→ **What you have to do**
Copy every line below that has the word "mathscr" in it.

*** Available data ***

(* Let $\sigma,\eta>0$ and $\mathscr{C}$ be a family of balls as in the context, and assume there is $\kappa>0$ such that $|B|^{1/3}\ge\kappa|x_B|$ for all $B\in\mathscr{C}$ with $|x_B|$ sufficiently large. Then there exists $L=L(\eta,\kappa)\ge2$ such that, for every sufficiently large $n$, every $B\in\mathscr{C}$ intersecting $B(0,2n)\setminus B(0,n)$ satisfies $B\subset B(0,Ln)$ and $|x_B|\ge L^{-1}n$. In particular, for every sufficiently large $n$ there are at most $\frac{4\pi}{3}\sigma L^6\kappa^{-3}$ balls $B\in\mathscr{C}$ intersecting $B(0,2n)\setminus B(0,n)$.
   Context: Cover: for constants $\sigma,\eta>0$, $\mathscr{C}$ is a family of closed balls in $\mathbb{R}^3$ with $\bigcup_{B\in\mathscr{C}}B=\mathbb{R}^3$ and $|B|\geq 4\pi/3$ for all $B\in\mathscr{C}$, such that (i) each ball in $\mathscr{C}$ intersects at most $\sigma$ balls in $\mathscr{C}$, and (ii) if $B,B'\in\mathscr{C}$ intersect then $\eta^{-1}\le |B|^{1/3}/|B'|^{1/3}\le\eta$. $|B|$ is the volume and $x_B$ the center of $B$; $B(0,r)$ is the ball of radius $r$ centered at the origin. *)

theory Defs
  imports "HOL-Analysis.Analysis"
begin

type_synonym ball3 = "(real ^ 3) \<times> real"

definition ball_set :: "ball3 \<Rightarrow> (real ^ 3) set" where
  "ball_set B = cball (fst B) (snd B)"

definition ball_vol :: "ball3 \<Rightarrow> real" where
  "ball_vol B = measure lebesgue (ball_set B)"

definition ball_ctr :: "ball3 \<Rightarrow> real ^ 3" where
  "ball_ctr B = fst B"

definition is_cover :: "real \<Rightarrow> real \<Rightarrow> ball3 set \<Rightarrow> bool" where
  "is_cover \<sigma> \<eta> \<C> \<longleftrightarrow>
     \<sigma> > 0 \<and> \<eta> > 0 \<and>
     (\<Union>B\<in>\<C>. ball_set B) = UNIV \<and>
     (\<forall>B\<in>\<C>. ball_vol B \<ge> 4 * pi / 3) \<and>
     (\<forall>B\<in>\<C>. finite {B'\<in>\<C>. ball_set B \<inter> ball_set B' \<noteq> {}} \<and>
              real (card {B'\<in>\<C>. ball_set B \<inter> ball_set B' \<noteq> {}}) \<le> \<sigma>) \<and>
     (\<forall>B\<in>\<C>. \<forall>B'\<in>\<C>. ball_set B \<inter> ball_set B' \<noteq> {} \<longrightarrow>
        inverse \<eta> \<le> ball_vol B powr (1/3) / ball_vol B' powr (1/3) \<and>
        ball_vol B powr (1/3) / ball_vol B' powr (1/3) \<le> \<eta>)"

end

theory Submission
  imports Defs
begin

text \<open>
  Balls containing the origin have bounded radius, hence are small compared to \<open>n\<close> for large \<open>n\<close>.
  If a ball \<open>B\<close> of radius \<open>r \<ge> 14 \<eta>\<^sup>4 n\<close> met \<open>B(0, 2n)\<close>, then along the segment from a point
  of \<open>B\<close> to the origin the ratio condition and connectedness would produce balls of radii in
  \<open>[r / \<eta>\<^sup>2, r / \<eta>)\<close> and \<open>[r / \<eta>\<^sup>4, r / \<eta>\<^sup>3)\<close>. These and \<open>B\<close> are pairwise disjoint by the
  ratio condition, have radius at least \<open>14 n\<close> and meet \<open>B(0, 2n)\<close>; shrinking them to radius
  \<open>14 n\<close> gives three disjoint balls with centres in \<open>B(0, 16 n)\<close>, which is impossible since
  \<open>|a - b|\<^sup>2 + |b - c|\<^sup>2 + |c - a|\<^sup>2 \<le> 3 (|a|\<^sup>2 + |b|\<^sup>2 + |c|\<^sup>2)\<close>. So every ball meeting the
  annulus has radius below \<open>14 \<eta>\<^sup>4 n\<close> and misses the origin, which puts it inside \<open>B(0, L n)\<close>
  with centre beyond \<open>n / 2\<close>, where \<open>L = 2 + 28 \<eta>\<^sup>4\<close>.

  For the count, a greedy choice extracts a pairwise disjoint subfamily containing at least a
  \<open>1 / \<sigma>\<close> fraction of these balls; each has volume at least \<open>(\<kappa> n / 2)\<^sup>3\<close> by the growth
  hypothesis and lies in \<open>B(0, L n)\<close>, and comparing volumes gives the bound.
\<close>

lemma cball_inside_cball_near_point:
  fixes c p :: "'a::real_normed_vector"
  assumes "0 < s" "s \<le> r" "p \<in> cball c r"
  obtains u where "dist u p \<le> s" "cball u s \<subseteq> cball c r"
proof -
  define u where "u = c + (1 - s/r) *\<^sub>R (p - c)"
  have "0 < r" and pc: "norm (p - c) \<le> r"
    using assms by (auto simp: dist_norm norm_minus_commute)
  have "dist u p = (s/r) * norm (p - c)"
    using assms(1) \<open>0 < r\<close> by (simp add: u_def dist_norm algebra_simps flip: scaleR_diff_right)
  also have "\<dots> \<le> s"
    using pc \<open>0 < r\<close> assms(1) by (simp add: divide_le_eq mult.commute mult_left_mono)
  finally have "dist u p \<le> s" .
  moreover have "dist c u \<le> r - s"
  proof -
    have "dist c u = (1 - s/r) * norm (p - c)"
      using assms(2) \<open>0 < r\<close> by (simp add: u_def dist_norm)
    also have "\<dots> \<le> (1 - s/r) * r"
      using pc assms(2) \<open>0 < r\<close> by (intro mult_left_mono) auto
    finally show ?thesis
      using \<open>0 < r\<close> by (simp add: algebra_simps)
  qed
  then have "cball u s \<subseteq> cball c r"
  proof (intro subsetI)
    fix z assume "z \<in> cball u s"
    then show "z \<in> cball c r"
      using \<open>dist c u \<le> r - s\<close> dist_triangle[of c z u] by simp
  qed
  ultimately show ?thesis
    using that by blast
qed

***

→ **Solution to this exercise**
(* Let $\sigma,\eta>0$ and $\mathscr{C}$ be a family of balls as in the context, and assume there is $\kappa>0$ such that $|B|^{1/3}\ge\kappa|x_B|$ for all $B\in\mathscr{C}$ with $|x_B|$ sufficiently large. Then there exists $L=L(\eta,\kappa)\ge2$ such that, for every sufficiently large $n$, every $B\in\mathscr{C}$ intersecting $B(0,2n)\setminus B(0,n)$ satisfies $B\subset B(0,Ln)$ and $|x_B|\ge L^{-1}n$. In particular, for every sufficiently large $n$ there are at most $\frac{4\pi}{3}\sigma L^6\kappa^{-3}$ balls $B\in\mathscr{C}$ intersecting $B(0,2n)\setminus B(0,n)$.
   Context: Cover: for constants $\sigma,\eta>0$, $\mathscr{C}$ is a family of closed balls in $\mathbb{R}^3$ with $\bigcup_{B\in\mathscr{C}}B=\mathbb{R}^3$ and $|B|\geq 4\pi/3$ for all $B\in\mathscr{C}$, such that (i) each ball in $\mathscr{C}$ intersects at most $\sigma$ balls in $\mathscr{C}$, and (ii) if $B,B'\in\mathscr{C}$ intersect then $\eta^{-1}\le |B|^{1/3}/|B'|^{1/3}\le\eta$. $|B|$ is the volume and $x_B$ the center of $B$; $B(0,r)$ is the ball of radius $r$ centered at the origin. *)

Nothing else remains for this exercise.